1994 Singer World Series
- Dates: 5 – 17 September 1994
- Administrator(s): Sri Lanka Cricket (SLC)
- Cricket format: One Day International
- Tournament format(s): Round-robin and Knockout
- Host(s): Sri Lanka
- Champions: India
- Runners-up: Sri Lanka
- Matches: 8
- Player of the series: Arjuna Ranatunga
- Most runs: Arjuna Ranatunga (196)
- Most wickets: Shane Warne (7)

= 1994 Singer World Series =

International cricket tournament

The Singer World Series was a quadrangular ODI cricket tournament held in Sri Lanka from 4 to 17 September 1994. It featured the national cricket teams of Pakistan, Australia, India and the hosts, Sri Lanka. The competition was won by India, which defeated Sri Lanka in the final.

==Background==
A multi-nation tournament was to be held in Sri Lanka after a long time, owing to troubles due to the civil war. All matches of the tournament were scheduled to be played in Colombo. Cammie Smith was named the referee for all matches.

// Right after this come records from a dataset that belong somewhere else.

lemma tetrahedron_opposite_face_functional:
  assumes T: "tetrahedron T" and pT: "p \<in> T"
  obtains w k where "w \<bullet> p = k + 1" and "\<And>x. x \<in> affine hull (T - {p}) \<Longrightarrow> w \<bullet> x = k"
proof -
  have ind: "\<not> affine_dependent T" and c4: "card T = 4" using T by (auto simp: tetrahedron_def)
  have "card (T - {p}) = 3" using c4 pT by (simp add: card.infinite)
  moreover have "\<not> affine_dependent (T - {p})" using ind affine_independent_subset by blast
  ultimately have "aff_dim (T - {p}) = 2" using aff_dim_affine_independent by fastforce
  then obtain w k where ah: "affine hull (T - {p}) = {x. w \<bullet> x = k}"
    using aff_dim_eq_hyperplane[of "T - {p}"] by auto
  define \<delta> where "\<delta> = w \<bullet> p - k"
  have "p \<notin> affine hull (T - {p})" using ind pT by (auto simp: affine_dependent_def)
  then have "\<delta> \<noteq> 0" using ah by (auto simp: \<delta>_def)
  then have "inverse \<delta> * (w \<bullet> p) = k / \<delta> + 1"
    by (simp add: \<delta>_def field_simps)
  moreover have "inverse \<delta> * (w \<bullet> x) = k / \<delta>" if "x \<in> affine hull (T - {p})" for x
    using that ah by (simp add: divide_inverse mult.commute)
  ultimately show ?thesis using that[of "w /\<^sub>R \<delta>" "k / \<delta>"] by simp
qed

text \<open>The tetrahedron lies in the slab between the face opposite to \<open>p\<close> and the parallel
  plane through \<open>p\<close>, whose width is at most \<open>|pp'|\<close>.\<close>
lemma tetrahedron_inball_le_height:
  assumes T: "tetrahedron T" and pT: "p \<in> T" and p': "p' \<in> convex hull (T - {p})"
    and ball: "ball c r \<subseteq> convex hull T"
  shows "2 * r \<le> dist p p'"
proof (cases "0 < r")
  case True
  obtain w k where wp: "w \<bullet> p = k + 1" and face: "\<And>x. x \<in> affine hull (T - {p}) \<Longrightarrow> w \<bullet> x = k"
    using tetrahedron_opposite_face_functional[OF T pT] by blast
  have "w \<bullet> p' = k" using face p' convex_hull_subset_affine_hull by blast
  then have "1 = w \<bullet> (p - p')" using wp by (simp add: inner_diff_right)
  also have "\<dots> \<le> norm w * dist p p'" by (metis norm_cauchy_schwarz dist_norm)
  finally have height: "1 \<le> norm w * dist p p'" .
  have "T \<subseteq> {x. k \<le> w \<bullet> x \<and> w \<bullet> x \<le> k + 1}"
    using wp face hull_inc[of _ "T - {p}"] by fastforce
  then have "convex hull T \<subseteq> {x. k \<le> w \<bullet> x \<and> w \<bullet> x \<le> k + 1}"
    by (intro hull_minimal)
       (auto simp: Collect_conj_eq intro: convex_Int convex_halfspace_ge convex_halfspace_le)
  then have "2 * r * norm w \<le> 1" using ball_subset_slab_width[OF _ True] ball by fastforce
  then have "norm w * (2 * r) \<le> norm w * dist p p'" using height by (simp add: mult_ac)
  moreover have "0 < norm w" using height by (cases "w = 0") auto
  ultimately show ?thesis by simp
qed (use zero_le_dist[of p p'] in linarith)

lemma inradius_le:
  assumes "\<And>c r. ball c r \<subseteq> convex hull T \<Longrightarrow> r \<le> B"
  shows "inradius T \<le> B"
proof -
  have "ball 0 0 \<subseteq> convex hull T" by simp
  then show ?thesis unfolding inradius_def using assms by (intro cSup_least) blast+
qed

lemma tetrahedron_inradius_pos:
  assumes T: "tetrahedron T"
  shows "0 < inradius T"
proof -
  obtain p where pT: "p \<in> T" using T by (force simp: tetrahedron_def)
  have "card (T - {p}) = 3" using T pT by (simp add: tetrahedron_def card.infinite)
  then obtain v where "v \<in> T - {p}" by (metis all_not_in_conv card.empty zero_neq_numeral)
  then have p': "v \<in> convex hull (T - {p})" by (rule hull_inc)
  have "r \<le> dist p v / 2" if "ball c r \<subseteq> convex hull T" for c r
    using tetrahedron_inball_le_height[OF T pT p' that] by simp
  then have bdd: "bdd_above {r. \<exists>c. ball c r \<subseteq> convex hull T}"
    by (intro bdd_aboveI[of _ "dist p v / 2"]) blast
  have "interior (convex hull T) \<noteq> {}"
    using T interior_convex_hull_eq_empty[of T] by (simp add: tetrahedron_def)
  then obtain e c where "e > 0" "ball c e \<subseteq> convex hull T"
    by (meson ex_in_conv interior_subset open_contains_ball_eq open_interior subset_trans)
  then show ?thesis unfolding inradius_def using bdd by (fastforce intro: less_le_trans cSup_upper)
qed

lemma tetrahedron_inradius_le_height:
  assumes "tetrahedron T" "p \<in> T" "p' \<in> convex hull (T - {p})"
  shows "2 * inradius T \<le> dist p p'"
  using inradius_le[of T "dist p p' / 2"] tetrahedron_inball_le_height[OF assms] by fastforce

Sri Lanka entered the tournament on the back of a Test and ODI series loss to Pakistan, the latter by a 1–4 margin. World champions Pakistan were touted favorites to win the series. A winner's prize of USD15,000 and
USD7,500 for the runner-up was announced.

==Squads==

| Sri Lanka | Australia | India | Pakistan |
|---|---|---|---|
| Arjuna Ranatunga (c); Aravinda de Silva; Roshan Mahanama; Ruwan Kalpage; Kumar Dharmasena; Sanjeeva Ranatunga; Sanath Jayasuriya; Pubudu Dassanayake (wk); Roshan Mahanama; Upul Chandana; Hashan Tillakaratne; Chaminda Vaas; Pramodya Wickremasinghe; | Mark Taylor (c); Michael Slater; David Boon; Mark Waugh; Steve Waugh; Ian Healy (wk); Michael Bevan; Darren Lehmann; Craig McDermott; Glenn McGrath; Tim May; Justin Langer; Gavin Robertson; Damien Fleming; Jo Angel; | Mohammad Azharuddin(c); Sachin Tendulkar; Anil Kumble; Manoj Prabhakar; Navjot Singh Sidhu; Vinod Kambli; Atul Bedade; Kapil Dev; Javagal Srinath; Ajay Jadeja; Nayan Mongia (wk); Rajesh Chauhan; Venkatapathy Raju; | Saleem Malik (c); Saeed Anwar; Aamer Sohail; Inzamam-ul-Haq; Basit Ali; Rashid Latif (wk); Wasim Akram; Akram Raza; Waqar Younis; Mushtaq Ahmed; Asif Mujtaba; Zahid Fazal; Kabir Khan; |

==Points table==
The tournament was organised in a round robin format, with each team playing each other once.

| Team | P | W | L | T | NR | NRR | Points |
|---|---|---|---|---|---|---|---|
| Sri Lanka | 3 | 3 | 0 | 0 | 0 |  | 6 |
| India | 3 | 1 | 1 | 0 | 1 |  | 3 |
| Australia | 3 | 1 | 2 | 0 | 0 |  | 2 |
| Pakistan | 3 | 0 | 2 | 0 | 1 |  | 1 |

==Matches==

----
==Records and awards==
Sri Lanka's captain Arjuna Ranatunga won the player of the series award; India's Sachin Tendulkar won the batsmen of the series award; and Australia's Steve Waugh was awarded the bowler of the series award.